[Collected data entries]
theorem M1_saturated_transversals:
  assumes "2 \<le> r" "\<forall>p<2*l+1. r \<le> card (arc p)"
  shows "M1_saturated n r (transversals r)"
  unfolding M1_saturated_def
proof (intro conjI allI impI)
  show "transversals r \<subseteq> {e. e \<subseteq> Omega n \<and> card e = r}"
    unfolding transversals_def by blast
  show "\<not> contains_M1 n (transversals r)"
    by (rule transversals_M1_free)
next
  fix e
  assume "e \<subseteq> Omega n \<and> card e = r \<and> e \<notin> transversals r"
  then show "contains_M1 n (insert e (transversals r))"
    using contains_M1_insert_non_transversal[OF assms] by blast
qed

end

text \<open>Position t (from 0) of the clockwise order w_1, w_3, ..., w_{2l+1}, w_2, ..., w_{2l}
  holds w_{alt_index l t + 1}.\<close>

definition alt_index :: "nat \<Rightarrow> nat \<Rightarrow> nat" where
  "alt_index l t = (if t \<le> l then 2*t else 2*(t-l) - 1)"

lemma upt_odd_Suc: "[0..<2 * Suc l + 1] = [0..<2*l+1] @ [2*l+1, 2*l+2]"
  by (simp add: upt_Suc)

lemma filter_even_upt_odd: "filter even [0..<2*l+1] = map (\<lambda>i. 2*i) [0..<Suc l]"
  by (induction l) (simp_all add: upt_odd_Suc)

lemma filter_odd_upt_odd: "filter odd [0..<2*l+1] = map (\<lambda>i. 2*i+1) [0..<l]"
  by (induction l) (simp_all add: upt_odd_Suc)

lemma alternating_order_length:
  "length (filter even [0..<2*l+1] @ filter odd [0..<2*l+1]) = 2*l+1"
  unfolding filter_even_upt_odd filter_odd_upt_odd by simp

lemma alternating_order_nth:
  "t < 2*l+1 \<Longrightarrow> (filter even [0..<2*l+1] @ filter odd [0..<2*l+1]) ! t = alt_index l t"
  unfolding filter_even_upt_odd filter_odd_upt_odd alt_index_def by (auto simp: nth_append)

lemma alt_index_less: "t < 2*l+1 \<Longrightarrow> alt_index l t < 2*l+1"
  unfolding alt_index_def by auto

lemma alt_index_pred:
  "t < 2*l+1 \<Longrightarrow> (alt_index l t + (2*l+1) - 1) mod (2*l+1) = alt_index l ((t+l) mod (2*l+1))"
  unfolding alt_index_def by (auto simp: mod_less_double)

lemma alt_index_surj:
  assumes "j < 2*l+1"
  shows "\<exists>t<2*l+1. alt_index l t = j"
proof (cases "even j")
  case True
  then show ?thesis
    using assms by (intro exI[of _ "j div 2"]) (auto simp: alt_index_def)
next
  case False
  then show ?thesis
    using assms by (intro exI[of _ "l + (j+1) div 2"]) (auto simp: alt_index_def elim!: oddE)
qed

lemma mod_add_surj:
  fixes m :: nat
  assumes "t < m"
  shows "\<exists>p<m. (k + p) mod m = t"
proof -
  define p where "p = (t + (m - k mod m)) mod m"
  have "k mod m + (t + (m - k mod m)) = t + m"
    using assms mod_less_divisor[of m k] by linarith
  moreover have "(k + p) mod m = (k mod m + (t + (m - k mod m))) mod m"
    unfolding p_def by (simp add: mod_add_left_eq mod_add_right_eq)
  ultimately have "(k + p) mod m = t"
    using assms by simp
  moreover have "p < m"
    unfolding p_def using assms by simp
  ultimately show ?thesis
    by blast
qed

* * *

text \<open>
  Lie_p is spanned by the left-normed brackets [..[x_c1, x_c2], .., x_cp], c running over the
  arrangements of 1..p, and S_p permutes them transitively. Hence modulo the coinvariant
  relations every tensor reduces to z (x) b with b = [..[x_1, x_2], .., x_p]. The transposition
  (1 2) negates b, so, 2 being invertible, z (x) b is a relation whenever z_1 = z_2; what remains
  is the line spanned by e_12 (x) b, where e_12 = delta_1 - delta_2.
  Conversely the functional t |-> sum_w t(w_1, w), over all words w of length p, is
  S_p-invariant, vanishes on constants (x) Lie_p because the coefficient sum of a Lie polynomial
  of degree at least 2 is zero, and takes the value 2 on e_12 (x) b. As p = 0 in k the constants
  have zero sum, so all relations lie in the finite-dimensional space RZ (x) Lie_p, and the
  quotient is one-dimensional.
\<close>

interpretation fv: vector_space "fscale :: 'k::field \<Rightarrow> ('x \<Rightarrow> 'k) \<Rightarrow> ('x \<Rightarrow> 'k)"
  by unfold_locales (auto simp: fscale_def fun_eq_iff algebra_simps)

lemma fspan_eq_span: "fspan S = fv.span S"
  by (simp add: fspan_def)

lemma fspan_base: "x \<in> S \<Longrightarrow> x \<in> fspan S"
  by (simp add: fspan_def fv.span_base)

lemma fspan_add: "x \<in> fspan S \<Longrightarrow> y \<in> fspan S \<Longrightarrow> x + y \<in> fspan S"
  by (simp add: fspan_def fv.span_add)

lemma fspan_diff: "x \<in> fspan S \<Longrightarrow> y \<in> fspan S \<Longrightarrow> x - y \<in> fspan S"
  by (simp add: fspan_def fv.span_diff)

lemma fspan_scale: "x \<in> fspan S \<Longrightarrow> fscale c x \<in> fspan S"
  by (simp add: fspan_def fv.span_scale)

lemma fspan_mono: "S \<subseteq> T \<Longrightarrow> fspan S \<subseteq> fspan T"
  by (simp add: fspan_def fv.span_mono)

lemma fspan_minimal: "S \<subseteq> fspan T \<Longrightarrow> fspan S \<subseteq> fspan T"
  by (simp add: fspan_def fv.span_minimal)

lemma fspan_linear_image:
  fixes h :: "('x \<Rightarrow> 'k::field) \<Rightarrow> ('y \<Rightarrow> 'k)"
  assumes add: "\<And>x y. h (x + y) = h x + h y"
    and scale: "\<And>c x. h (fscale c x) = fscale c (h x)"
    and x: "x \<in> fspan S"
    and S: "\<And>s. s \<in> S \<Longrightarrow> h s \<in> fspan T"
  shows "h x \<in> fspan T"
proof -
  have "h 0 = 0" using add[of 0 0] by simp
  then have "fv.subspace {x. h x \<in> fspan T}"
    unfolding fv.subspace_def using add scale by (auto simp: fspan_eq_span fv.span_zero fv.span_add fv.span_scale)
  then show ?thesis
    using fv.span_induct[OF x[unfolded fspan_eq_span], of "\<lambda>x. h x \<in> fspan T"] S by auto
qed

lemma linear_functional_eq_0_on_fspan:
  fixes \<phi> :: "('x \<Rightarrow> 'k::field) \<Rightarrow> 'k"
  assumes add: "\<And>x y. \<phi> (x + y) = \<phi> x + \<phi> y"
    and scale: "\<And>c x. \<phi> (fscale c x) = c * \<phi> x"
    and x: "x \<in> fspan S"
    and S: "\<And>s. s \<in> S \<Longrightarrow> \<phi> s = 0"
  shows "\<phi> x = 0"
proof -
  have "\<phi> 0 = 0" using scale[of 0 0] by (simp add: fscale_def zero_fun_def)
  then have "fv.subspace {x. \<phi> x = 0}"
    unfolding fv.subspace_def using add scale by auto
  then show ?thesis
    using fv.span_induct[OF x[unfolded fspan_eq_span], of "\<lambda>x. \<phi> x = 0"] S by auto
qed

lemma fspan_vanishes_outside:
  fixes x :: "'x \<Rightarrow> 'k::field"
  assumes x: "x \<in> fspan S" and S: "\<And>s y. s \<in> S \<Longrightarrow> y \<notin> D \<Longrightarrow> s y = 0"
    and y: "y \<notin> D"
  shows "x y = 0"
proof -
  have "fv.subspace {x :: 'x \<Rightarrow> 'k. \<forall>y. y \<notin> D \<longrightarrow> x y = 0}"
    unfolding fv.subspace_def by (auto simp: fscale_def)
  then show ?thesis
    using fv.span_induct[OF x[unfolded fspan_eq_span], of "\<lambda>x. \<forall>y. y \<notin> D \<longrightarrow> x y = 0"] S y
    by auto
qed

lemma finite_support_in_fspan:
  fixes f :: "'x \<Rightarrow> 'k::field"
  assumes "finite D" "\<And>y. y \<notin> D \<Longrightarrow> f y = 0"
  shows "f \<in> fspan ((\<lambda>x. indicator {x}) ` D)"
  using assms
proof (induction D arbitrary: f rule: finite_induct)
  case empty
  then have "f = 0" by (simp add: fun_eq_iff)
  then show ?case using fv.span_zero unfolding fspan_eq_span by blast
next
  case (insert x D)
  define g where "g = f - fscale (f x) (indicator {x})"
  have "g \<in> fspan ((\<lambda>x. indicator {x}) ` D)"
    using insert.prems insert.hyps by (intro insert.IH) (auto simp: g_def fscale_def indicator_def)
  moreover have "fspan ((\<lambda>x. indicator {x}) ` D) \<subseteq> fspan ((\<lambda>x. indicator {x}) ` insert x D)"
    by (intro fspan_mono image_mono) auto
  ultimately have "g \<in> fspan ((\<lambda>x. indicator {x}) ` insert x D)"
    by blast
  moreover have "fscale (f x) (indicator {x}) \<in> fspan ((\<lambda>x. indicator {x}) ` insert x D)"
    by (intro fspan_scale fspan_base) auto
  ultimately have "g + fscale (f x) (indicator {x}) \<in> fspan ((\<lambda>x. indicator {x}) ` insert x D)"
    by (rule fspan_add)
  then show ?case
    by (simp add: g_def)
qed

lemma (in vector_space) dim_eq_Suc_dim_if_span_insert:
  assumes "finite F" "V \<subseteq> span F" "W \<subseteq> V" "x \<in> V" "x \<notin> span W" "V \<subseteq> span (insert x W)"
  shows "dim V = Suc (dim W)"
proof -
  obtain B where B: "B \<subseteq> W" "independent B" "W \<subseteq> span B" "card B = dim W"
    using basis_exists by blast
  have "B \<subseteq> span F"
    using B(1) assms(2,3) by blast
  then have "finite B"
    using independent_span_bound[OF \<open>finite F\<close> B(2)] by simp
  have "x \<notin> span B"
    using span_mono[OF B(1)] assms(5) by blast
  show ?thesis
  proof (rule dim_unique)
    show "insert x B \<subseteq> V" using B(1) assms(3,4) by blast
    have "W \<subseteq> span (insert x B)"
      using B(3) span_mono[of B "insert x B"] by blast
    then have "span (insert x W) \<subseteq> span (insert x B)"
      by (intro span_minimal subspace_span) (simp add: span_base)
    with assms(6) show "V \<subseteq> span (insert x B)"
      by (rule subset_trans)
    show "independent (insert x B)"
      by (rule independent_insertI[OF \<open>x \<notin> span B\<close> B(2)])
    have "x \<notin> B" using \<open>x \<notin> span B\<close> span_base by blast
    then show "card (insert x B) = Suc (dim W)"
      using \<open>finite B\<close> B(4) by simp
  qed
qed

**What is required**: Using only the entries above, output the line with "n r (transversals", the line with "2*l+1 \<Longrightarrow> (alt_index", and all lines between them, exactly as they stand.

**Task output**:
  shows "M1_saturated n r (transversals r)"
  unfolding M1_saturated_def
proof (intro conjI allI impI)
  show "transversals r \<subseteq> {e. e \<subseteq> Omega n \<and> card e = r}"
    unfolding transversals_def by blast
  show "\<not> contains_M1 n (transversals r)"
    by (rule transversals_M1_free)
next
  fix e
  assume "e \<subseteq> Omega n \<and> card e = r \<and> e \<notin> transversals r"
  then show "contains_M1 n (insert e (transversals r))"
    using contains_M1_insert_non_transversal[OF assms] by blast
qed

end

text \<open>Position t (from 0) of the clockwise order w_1, w_3, ..., w_{2l+1}, w_2, ..., w_{2l}
  holds w_{alt_index l t + 1}.\<close>

definition alt_index :: "nat \<Rightarrow> nat \<Rightarrow> nat" where
  "alt_index l t = (if t \<le> l then 2*t else 2*(t-l) - 1)"

lemma upt_odd_Suc: "[0..<2 * Suc l + 1] = [0..<2*l+1] @ [2*l+1, 2*l+2]"
  by (simp add: upt_Suc)

lemma filter_even_upt_odd: "filter even [0..<2*l+1] = map (\<lambda>i. 2*i) [0..<Suc l]"
  by (induction l) (simp_all add: upt_odd_Suc)

lemma filter_odd_upt_odd: "filter odd [0..<2*l+1] = map (\<lambda>i. 2*i+1) [0..<l]"
  by (induction l) (simp_all add: upt_odd_Suc)

lemma alternating_order_length:
  "length (filter even [0..<2*l+1] @ filter odd [0..<2*l+1]) = 2*l+1"
  unfolding filter_even_upt_odd filter_odd_upt_odd by simp

lemma alternating_order_nth:
  "t < 2*l+1 \<Longrightarrow> (filter even [0..<2*l+1] @ filter odd [0..<2*l+1]) ! t = alt_index l t"
  unfolding filter_even_upt_odd filter_odd_upt_odd alt_index_def by (auto simp: nth_append)

lemma alt_index_less: "t < 2*l+1 \<Longrightarrow> alt_index l t < 2*l+1"
  unfolding alt_index_def by auto

lemma alt_index_pred:
  "t < 2*l+1 \<Longrightarrow> (alt_index l t + (2*l+1) - 1) mod (2*l+1) = alt_index l ((t+l) mod (2*l+1))"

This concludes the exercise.